HISTORICAL NOTES TO ACT SECOND.

(A) _----the man that was his bedfellow,_] So, Holinshed: "The said Lord Scroop was in such favour with the king, that he admitted him sometimes to be his _bedfellow_." The familiar appellation, of _bedfellow_, which appears strange to us, was common among the ancient nobility. There is a letter from the sixth Earl of Northumberland (still preserved in the collection of the present duke), addressed "To his beloved cousin, Thomas Arundel," &c., which begins "_Bedfellow_, after my most haste recommendation." --_Steevens_.

This unseemly custom continued common till the middle of the last century, if not later. Cromwell obtained much of his intelligence, during the civil wars, from the mean men with whom he slept. --_Malone_.

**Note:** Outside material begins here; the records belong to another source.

(* Assume condition (B). Then the limit function $F(\lambda)=\lim_{n\to\infty}F_n(\lambda)$, $\lambda\ge0$, has the representation $$F(\lambda)=d\lambda+\int_0^\infty(1-e^{-\lambda u})\,\Lambda_2(du),$$ where $d\ge0$ and $\Lambda_2$ is a $\sigma$-finite measure on $(0,\infty)$ with $\int_0^\infty(1\wedge u)\,\Lambda_2(du)<\infty$.
   Context: For each $n\ge1$, let $\{\eta_n(k):k\ge1\}$ be i.i.d. $\mathbb N$-valued random variables with generating function $h_n(s)=E[s^{\eta_n(1)}]$. Let $(b_n)$ be positive numbers with $b_n\to\infty$. For $0\le\lambda\le b_n$ set $F_n(\lambda)=n[1-h_n(1-\lambda/b_n)]$. Condition (B): the sequence $(F_n)$ converges pointwise to a continuous function as $n\to\infty$. *)

theory Defs
  imports "HOL-Probability.Probability"
begin

definition gen_fun :: "nat pmf \<Rightarrow> real \<Rightarrow> real" where
  "gen_fun p s = measure_pmf.expectation p (\<lambda>k. s ^ k)"

text \<open>F_n(lambda) = n [1 - h_n(1 - lambda/b_n)], where p n is the law of eta_n(1).\<close>
definition Fn :: "(nat \<Rightarrow> nat pmf) \<Rightarrow> (nat \<Rightarrow> real) \<Rightarrow> nat \<Rightarrow> real \<Rightarrow> real" where
  "Fn p b n l = real n * (1 - gen_fun (p n) (1 - l / b n))"

end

After the battle of Dreux, 1562, the Prince of Conde slept in the same bed with the Duke of Guise; an anecdote frequently cited, to show the magnanimity of the latter, who slept soundly, though so near his greatest enemy, then his prisoner. --_Nares._

(B) _For me,--the gold of France did not seduce;_] Holinshed observes, "that Richard, Earl of Cambridge, did not conspire with the Lord Scroop and Thomas Grey, for the murdering of King Henry to please the French king, but only to the intent to exalt to the crown his brother-in-law Edmund, Earl of March, as heir to Lionel, Duke of Clarence; after the death of which Earl of March, for divers secret impediments not able to have issue, the Earl of Cambridge was sure that the crown should come to him by his wife, and to his children of her begotten; and therefore (as was thought), he rather confessed himself for need of money to be corrupted by the French king, than he would declare his inward mind, &c., which if it were espied, he saw plainly that the Earl of March should have tasted of the same cup that he had drunk, and what should have come to his own children he merely doubted, &c."

A million of gold is stated to have been given by France to the conspirators.

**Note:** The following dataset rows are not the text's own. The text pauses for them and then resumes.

(* There exists $C$ depending only on $\theta_{\mathcal T}$ and $\ell_{\mathcal D}$ such that $$|T|\le|K|\le C\,|T|\qquad\text{for all }K\in\mathcal M\text{ and all }T\in\mathcal T\text{ with }T\subset K,$$ where $|\cdot|$ denotes the Lebesgue measure.
   Context: $\Omega\subset\mathbb R^d$ ($d\in\{2,3\}$) is a connected bounded open polyhedral set. Discretization $\mathcal D$: cells $\mathcal M$ (disjoint open polyhedra with closures covering $\bar\Omega$, each star-shaped w.r.t. a point $x_K$), faces $\mathcal F$ ($\mathcal F_K$ those of $K$), vertices $\mathcal V$ at $x_s$ ($\mathcal V_K$ those of $K$, $\mathcal V_\sigma$ those of face $\sigma$, $\mathcal M_s$ cells containing $s$); if $d=3$, each face $\sigma$ has edges $\mathcal E_\sigma$ and a center $x_\sigma=\sum_{s\in\mathcal V_\sigma}\beta_{\sigma,s}x_s$ (convex weights), and is the union of the triangles formed by $x_\sigma$ and its edges. Simplicial submesh $\mathcal T$: for $d=2$, triangles with vertices $x_K$ and $x_s$, $s\in\mathcal V_\sigma$, for $K\in\mathcal M$, $\sigma\in\mathcal F_K$; for $d=3$, tetrahedra with vertices $x_K$, $x_\sigma$ and the two endpoints of $e\in\mathcal E_\sigma$, $\sigma\in\mathcal F_K$. $\theta_{\mathcal T}=\max_{T\in\mathcal T}h_T/\rho_T$ with $h_T$ the diameter and $\rho_T$ the insphere diameter of $T$; $\ell_{\mathcal D}=\max(\max_K\#\mathcal V_K,\max_s\#\mathcal M_s,\max_K\#\mathcal F_K)$. *)

theory Defs
  imports "HOL-Analysis.Analysis"
begin

definition open_polyhedral :: "'a::euclidean_space set \<Rightarrow> bool" where
  "open_polyhedral S \<longleftrightarrow> open S \<and> S = interior (closure S) \<and>
     (\<exists>P. finite P \<and> (\<forall>p\<in>P. polytope p) \<and> closure S = \<Union>P)"

text \<open>Vertices are identified with their positions x_s.
  Parameters: Omega, cells M, faces F, faces of a cell FK, vertices of a face Vf,
  edges of a face Ef (d=3), cell centers xK, face centers xf (d=3), weights beta (d=3).\<close>
definition discretization ::
  "'a::euclidean_space set \<Rightarrow> 'a set set \<Rightarrow> 'a set set \<Rightarrow> ('a set \<Rightarrow> 'a set set)
   \<Rightarrow> ('a set \<Rightarrow> 'a set) \<Rightarrow> ('a set \<Rightarrow> 'a set set) \<Rightarrow> ('a set \<Rightarrow> 'a) \<Rightarrow> ('a set \<Rightarrow> 'a)
   \<Rightarrow> ('a set \<Rightarrow> 'a \<Rightarrow> real) \<Rightarrow> bool" where
  "discretization \<Omega> M F FK Vf Ef xK xf \<beta> \<longleftrightarrow>
     open_polyhedral \<Omega> \<and> connected \<Omega> \<and> \<Omega> \<noteq> {} \<and> bounded \<Omega> \<and>
     finite M \<and> (\<forall>K\<in>M. open_polyhedral K \<and> K \<noteq> {}) \<and> pairwise disjnt M \<and>
     closure \<Omega> = \<Union>(closure ` M) \<and>
     (\<forall>K\<in>M. xK K \<in> K \<and> (\<forall>y\<in>K. closed_segment (xK K) y \<subseteq> K)) \<and>
     finite F \<and> F = \<Union>(FK ` M) \<and> pairwise disjnt F \<and>
     (\<forall>\<sigma>\<in>F. \<sigma> \<noteq> {} \<and> aff_dim \<sigma> = int DIM('a) - 1 \<and>
        openin (top_of_set (affine hull \<sigma>)) \<sigma> \<and> finite (Vf \<sigma>) \<and> Vf \<sigma> \<noteq> {}) \<and>
     (\<forall>K\<in>M. frontier K = \<Union>(closure ` FK K)) \<and>
     (DIM('a) = 2 \<longrightarrow>
        (\<forall>\<sigma>\<in>F. \<exists>a b. a \<noteq> b \<and> Vf \<sigma> = {a, b} \<and> \<sigma> = open_segment a b)) \<and>
     (DIM('a) = 3 \<longrightarrow>
        (\<forall>\<sigma>\<in>F. finite (Ef \<sigma>) \<and> (\<forall>e\<in>Ef \<sigma>. e \<subseteq> Vf \<sigma> \<and> card e = 2) \<and>
           (\<forall>s\<in>Vf \<sigma>. 0 \<le> \<beta> \<sigma> s) \<and> sum (\<beta> \<sigma>) (Vf \<sigma>) = 1 \<and>
           xf \<sigma> = (\<Sum>s\<in>Vf \<sigma>. \<beta> \<sigma> s *\<^sub>R s) \<and>
           closure \<sigma> = \<Union>{convex hull (insert (xf \<sigma>) e) | e. e \<in> Ef \<sigma>}))"

definition cell_vertices :: "('a set \<Rightarrow> 'a set set) \<Rightarrow> ('a set \<Rightarrow> 'a set) \<Rightarrow> 'a set \<Rightarrow> 'a set" where
  "cell_vertices FK Vf K = \<Union>(Vf ` FK K)"

definition cells_of_vertex :: "'a set set \<Rightarrow> ('a set \<Rightarrow> 'a set set) \<Rightarrow> ('a set \<Rightarrow> 'a set) \<Rightarrow> 'a \<Rightarrow> 'a set set" where
  "cells_of_vertex M FK Vf s = {K\<in>M. s \<in> cell_vertices FK Vf K}"

definition ell_D :: "'a set set \<Rightarrow> 'a set set \<Rightarrow> ('a set \<Rightarrow> 'a set set) \<Rightarrow> ('a set \<Rightarrow> 'a set) \<Rightarrow> nat" where
  "ell_D M F FK Vf = Max ((\<lambda>K. card (cell_vertices FK Vf K)) ` M \<union>
       (\<lambda>s. card (cells_of_vertex M FK Vf s)) ` (\<Union>(Vf ` F)) \<union> (\<lambda>K. card (FK K)) ` M)"

definition submesh_cell :: "('a::euclidean_space set \<Rightarrow> 'a) \<Rightarrow> ('a set \<Rightarrow> 'a set set) \<Rightarrow> ('a set \<Rightarrow> 'a set)
   \<Rightarrow> ('a set \<Rightarrow> 'a set set) \<Rightarrow> ('a set \<Rightarrow> 'a) \<Rightarrow> 'a set \<Rightarrow> 'a set set" where
  "submesh_cell xK FK Vf Ef xf K =
     (if DIM('a) = 2 then {interior (convex hull (insert (xK K) (Vf \<sigma>))) | \<sigma>. \<sigma> \<in> FK K}
      else {interior (convex hull (insert (xK K) (insert (xf \<sigma>) e))) | \<sigma> e. \<sigma> \<in> FK K \<and> e \<in> Ef \<sigma>})"

definition submesh :: "'a::euclidean_space set set \<Rightarrow> ('a set \<Rightarrow> 'a) \<Rightarrow> ('a set \<Rightarrow> 'a set set) \<Rightarrow> ('a set \<Rightarrow> 'a set)
   \<Rightarrow> ('a set \<Rightarrow> 'a set set) \<Rightarrow> ('a set \<Rightarrow> 'a) \<Rightarrow> 'a set set" where
  "submesh M xK FK Vf Ef xf = \<Union>((submesh_cell xK FK Vf Ef xf) ` M)"

definition insphere_diam :: "'a::euclidean_space set \<Rightarrow> real" where
  "insphere_diam T = 2 * Sup {r. \<exists>c. ball c r \<subseteq> T}"

definition mesh_regularity :: "'a::euclidean_space set set \<Rightarrow> ereal" where
  "mesh_regularity TT = Sup ((\<lambda>T. if insphere_diam T = 0 then \<infinity>
                                    else ereal (diameter T / insphere_diam T)) ` TT)"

Historians have, however, generally expressed their utter inability to explain upon what grounds the conspirators built their expectation of success; and unless they had been promised powerful assistance from France, the design seems to have been one of the most absurd and hopeless upon record. The confession of the Earl of Cambridge, and his supplication for mercy in his own hand writing, is in the British Museum.

(C) _Touching our person, seek we no revenge;_] This speech is taken from Holinshed:--

"Revenge herein touching my person, though I seek not; yet for the safeguard of my dear friends, and for due preservation of all sorts, I am by office to cause example to be showed: Get ye hence, therefore, you poor miserable wretches, to the receiving of your just reward, wherein God's majesty give you grace of his mercy, and repentance of your heinous offences."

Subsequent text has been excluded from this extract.